Ne pas admettre ces enfants comme témoins dans l’étude risque de biaiser la mesure de l’impact vaccinal. Il est également primordial de définir la population dont proviennent les témoins et qui est censée constituer un échantillon représentatif de la population d’origine où se sont produits les cas. L’annexe 2 indique plus en détail comme effectuer des études cas-témoins pour évaluer l’efficacité réelle du vaccin antipneumococcique contre une maladie infectieuse invasive due au pneumocoque.

3.2.4 Méthode cas-population

Il faudra acquérir davantage d’expérience dans l’utilisation de la méthode cas-population pour savoir si elle se prête à la mesure de l’efficacité réelle du VPC (80, 81, 82). Ce type d’étude est une variante de la méthode cas-témoins dans laquelle, au lieu d’utiliser un ou deux témoins par cas, c’est la population tout entière qui constitue le groupe témoin (80, 81). Cette méthode a été utilisée pour évaluer l’efficacité réelle des vaccins anti-Hib, anticoquelucheux, antiourlien et antirougeoleux (83-86). C’est une méthode intéressante à utiliser lorsqu’on peut obtenir des données de surveillance de la morbidité mais qu’il n’y a guère d’autres ressources disponibles. Il n’y a que trois points sur lesquels des données sont à collecter pour calculer l’efficacité réelle du vaccin : le nombre total de cas de maladie et le nombre de cas qui se produisent chez des enfants vaccinés, que l’on peut l’un comme l’autre obtenir grâce à la surveillance, ainsi que le pourcentage de sujets vaccinés dans la population, chiffre que l’on peut tirer d’enquêtes sur la couverture vaccinale ou obtenir en consultant de registre national des vaccinations.

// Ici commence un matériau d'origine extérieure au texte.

section \<open>Compiling partial recursive functions to register machines\<close>

definition prim_loop_code :: "nat \<Rightarrow> nat \<Rightarrow> instr list \<Rightarrow> instr list" where
  "prim_loop_code s l cg = [Dec s (l + 1) (l + 1 + length cg + 4)] @ cg
     @ transfer_code (s + 3) (s + 2) (l + 1 + length cg) @ [Inc (s + 1) l]"

lemma length_prim_loop_code [simp]: "length (prim_loop_code s l cg) = length cg + 5"
  by (simp add: prim_loop_code_def)

text \<open>\<open>compile f ins out s b\<close> is code placed at address \<open>b\<close> that reads the arguments of \<open>f\<close>
  from the registers \<open>ins\<close>, writes the result to \<open>out\<close> and uses the registers from \<open>s\<close>
  upwards as scratch space.  For \<open>Prim f g\<close> the register \<open>s\<close> counts the remaining iterations,
  \<open>s + 1\<close> is the recursion index, \<open>s + 2\<close> the accumulator and \<open>s + 3\<close> receives its next value.\<close>

primrec compile :: "recf \<Rightarrow> nat list \<Rightarrow> nat \<Rightarrow> nat \<Rightarrow> nat \<Rightarrow> instr list"
  and compile_list :: "recf list \<Rightarrow> nat list \<Rightarrow> nat \<Rightarrow> nat \<Rightarrow> nat \<Rightarrow> instr list" where
  "compile Z ins out s b = clear_code out b"
| "compile S ins out s b = (case ins of [] \<Rightarrow> [] | a # _ \<Rightarrow> copy_code a out s b @ [Inc out (b + 8)])"
| "compile (Proj i) ins out s b = (if i < length ins then copy_code (ins ! i) out s b else [])"
| "compile (Comp f gs) ins out s b =
    (let cg = compile_list gs ins s (s + length gs) b
     in cg @ compile f [s..<s + length gs] out (s + length gs) (b + length cg))"
| "compile (Prim f g) ins out s b = (case ins of [] \<Rightarrow> [] | n # xs \<Rightarrow>
    (let cf = compile f xs (s + 2) (s + 5) (b + 8);
         l = b + 8 + length cf;
         cl = prim_loop_code s l (compile g ((s + 1) # (s + 2) # xs) (s + 3) (s + 5) (l + 1))
     in copy_code n s (s + 4) b @ clear_code (s + 1) (b + 7) @ cf @ cl
        @ transfer_code (s + 2) out (l + length cl)))"
| "compile (Mu f) ins out s b =
    (let cf = compile f (s # ins) (s + 1) (s + 2) (b + 1);
         l = b + 1 + length cf
     in clear_code s b @ cf @ [Dec (s + 1) (l + 1) (l + 2), Inc s (b + 1)]
        @ transfer_code s out (l + 2))"
| "compile_list [] ins ob s b = []"
| "compile_list (g # gs) ins ob s b =
    (let c = compile g ins ob s b in c @ compile_list gs ins (Suc ob) s (b + length c))"

text \<open>Correctness of \<open>compile\<close> is stated for every placement of the code and of the registers,
  so that it can be proved by induction on \<open>f\<close>.\<close>

definition computes :: "recf \<Rightarrow> nat list \<Rightarrow> nat \<Rightarrow> bool" where
  "computes f xs y \<longleftrightarrow> (\<forall>ins out s b p R. map R ins = xs \<longrightarrow> (\<forall>r\<in>set ins. r < s) \<longrightarrow> out < s
     \<longrightarrow> out \<notin> set ins \<longrightarrow> code_at p b (compile f ins out s b) \<longrightarrow>
     (\<exists>R'. reach p (b, R) (b + length (compile f ins out s b), R') \<and> R' out = y
       \<and> (\<forall>r<s. r \<noteq> out \<longrightarrow> R' r = R r)))"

En raison de la simplicité arithmétique de cette analyse, à savoir qu’elle ne nécessite la connaissance que de trois paramètres, l’évaluation de l’efficacité fournie par la méthode cas-population est très sensible aux erreurs, même minimes, dont l’estimation de ces trois paramètres pourrait être entachée. Par ailleurs, il n’existe aucun moyen de tenir compte de manière explicite des facteurs de confusion. Il y a en outre un certain nombre d’hypothèses à respecter impérativement pour que le calcul donne une estimation fiable de l’efficacité vaccinale réelle. Il est primordial que les estimations de la couverture vaccinale correspondent exactement à la population dont proviennent les cas.

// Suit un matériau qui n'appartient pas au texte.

lemma pigeonhole_agree_on:
  fixes f :: "'x \<Rightarrow> 'i \<Rightarrow> 'a::finite"
  assumes "finite T" "card (UNIV :: 'a set) ^ card T < card X"
  shows "\<exists>x\<in>X. \<exists>y\<in>X. x \<noteq> y \<and> (\<forall>t\<in>T. f x t = f y t)"
proof (rule ccontr)
  assume "\<not> ?thesis"
  then have "inj_on (\<lambda>x. restrict (f x) T) X"
    by (auto simp: inj_on_def fun_eq_iff)
  then have "card X \<le> card (T \<rightarrow>\<^sub>E (UNIV :: 'a set))"
    by (rule card_inj_on_le) (auto simp: assms(1) finite_PiE)
  then show False using assms by (simp add: card_funcsetE)
qed

subsection \<open>Words and Hamming distance\<close>

lemma bij_betw_words_PiE:
  "bij_betw (\<lambda>w. restrict w {..<n}) (words n :: (nat \<Rightarrow> 'a::zero) set) ({..<n} \<rightarrow>\<^sub>E UNIV)"
proof (rule bij_betw_byWitness[where f' = "\<lambda>u i. if i < n then u i else 0"])
  show "\<forall>w\<in>words n. (\<lambda>i. if i < n then restrict w {..<n} i else 0) = w"
    unfolding words_def by (auto intro!: ext)
  show "\<forall>u \<in> {..<n} \<rightarrow>\<^sub>E UNIV.
      restrict (\<lambda>i. if i < n then u i else 0) {..<n} = (u :: nat \<Rightarrow> 'a)"
  proof
    fix u :: "nat \<Rightarrow> 'a" assume "u \<in> {..<n} \<rightarrow>\<^sub>E UNIV"
    moreover have "restrict (\<lambda>i. if i < n then u i else 0) {..<n} = restrict u {..<n}"
      by (intro restrict_ext) simp
    ultimately show "restrict (\<lambda>i. if i < n then u i else 0) {..<n} = u"
      by (simp add: PiE_restrict)
  qed
  show "(\<lambda>w. restrict w {..<n}) ` words n \<subseteq> {..<n} \<rightarrow>\<^sub>E UNIV"
    by (simp add: image_subset_iff)
  show "(\<lambda>u i. if i < n then u i else 0) ` ({..<n} \<rightarrow>\<^sub>E UNIV) \<subseteq> words n"
    by (simp add: words_def image_subset_iff)
qed

lemma finite_words: "finite (words n :: (nat \<Rightarrow> 'a::{finite,zero}) set)"
  unfolding bij_betw_finite[OF bij_betw_words_PiE] by (intro finite_PiE) auto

En outre, les données administratives ou celles du registre des vaccinations peuvent ne pas être suffisamment complètes et précises. L’efficacité réelle risque d’être surestimée si la couverture l’est également. L’exactitude des estimations fournies par les calculs est conditionnée par la stabilité de la couverture vaccinale de la population et les taux de morbidité due aux infections pneumococciques ou à Hib déclinent d’ordinaire rapidement après l’introduction du vaccin. On peut également avoir de la peine à obtenir des données administratives fiables au sujet de la couverture vaccinale du groupe d’âge en cause, dans la zone géographique de l’étude et pour la période de temps voulue.

En résumé, il faut accumuler davantage d’expérience pour savoir si cette méthode se prête à la mesure de l’efficacité réelle du VPC (82).

3.3 Réduire le plus possible les biais et les faiblesses

Des définitions de cas cohérentes et une vérification minutieuse des antécédents de vaccination permettent d’avoir le moins de biais possible dans les études observationnelles. En outre et si l’on en a la possibilité, on peut éviter au maximum les biais dans l’information en veillant à ce que les collecteurs de données ignorent si le sujet auquel ils ont affaire est un cas ou un témoin. Les biais potentiels liés à la sélection des témoins pour les études cas-témoins sont analysés plus en détail à l’annexe 2.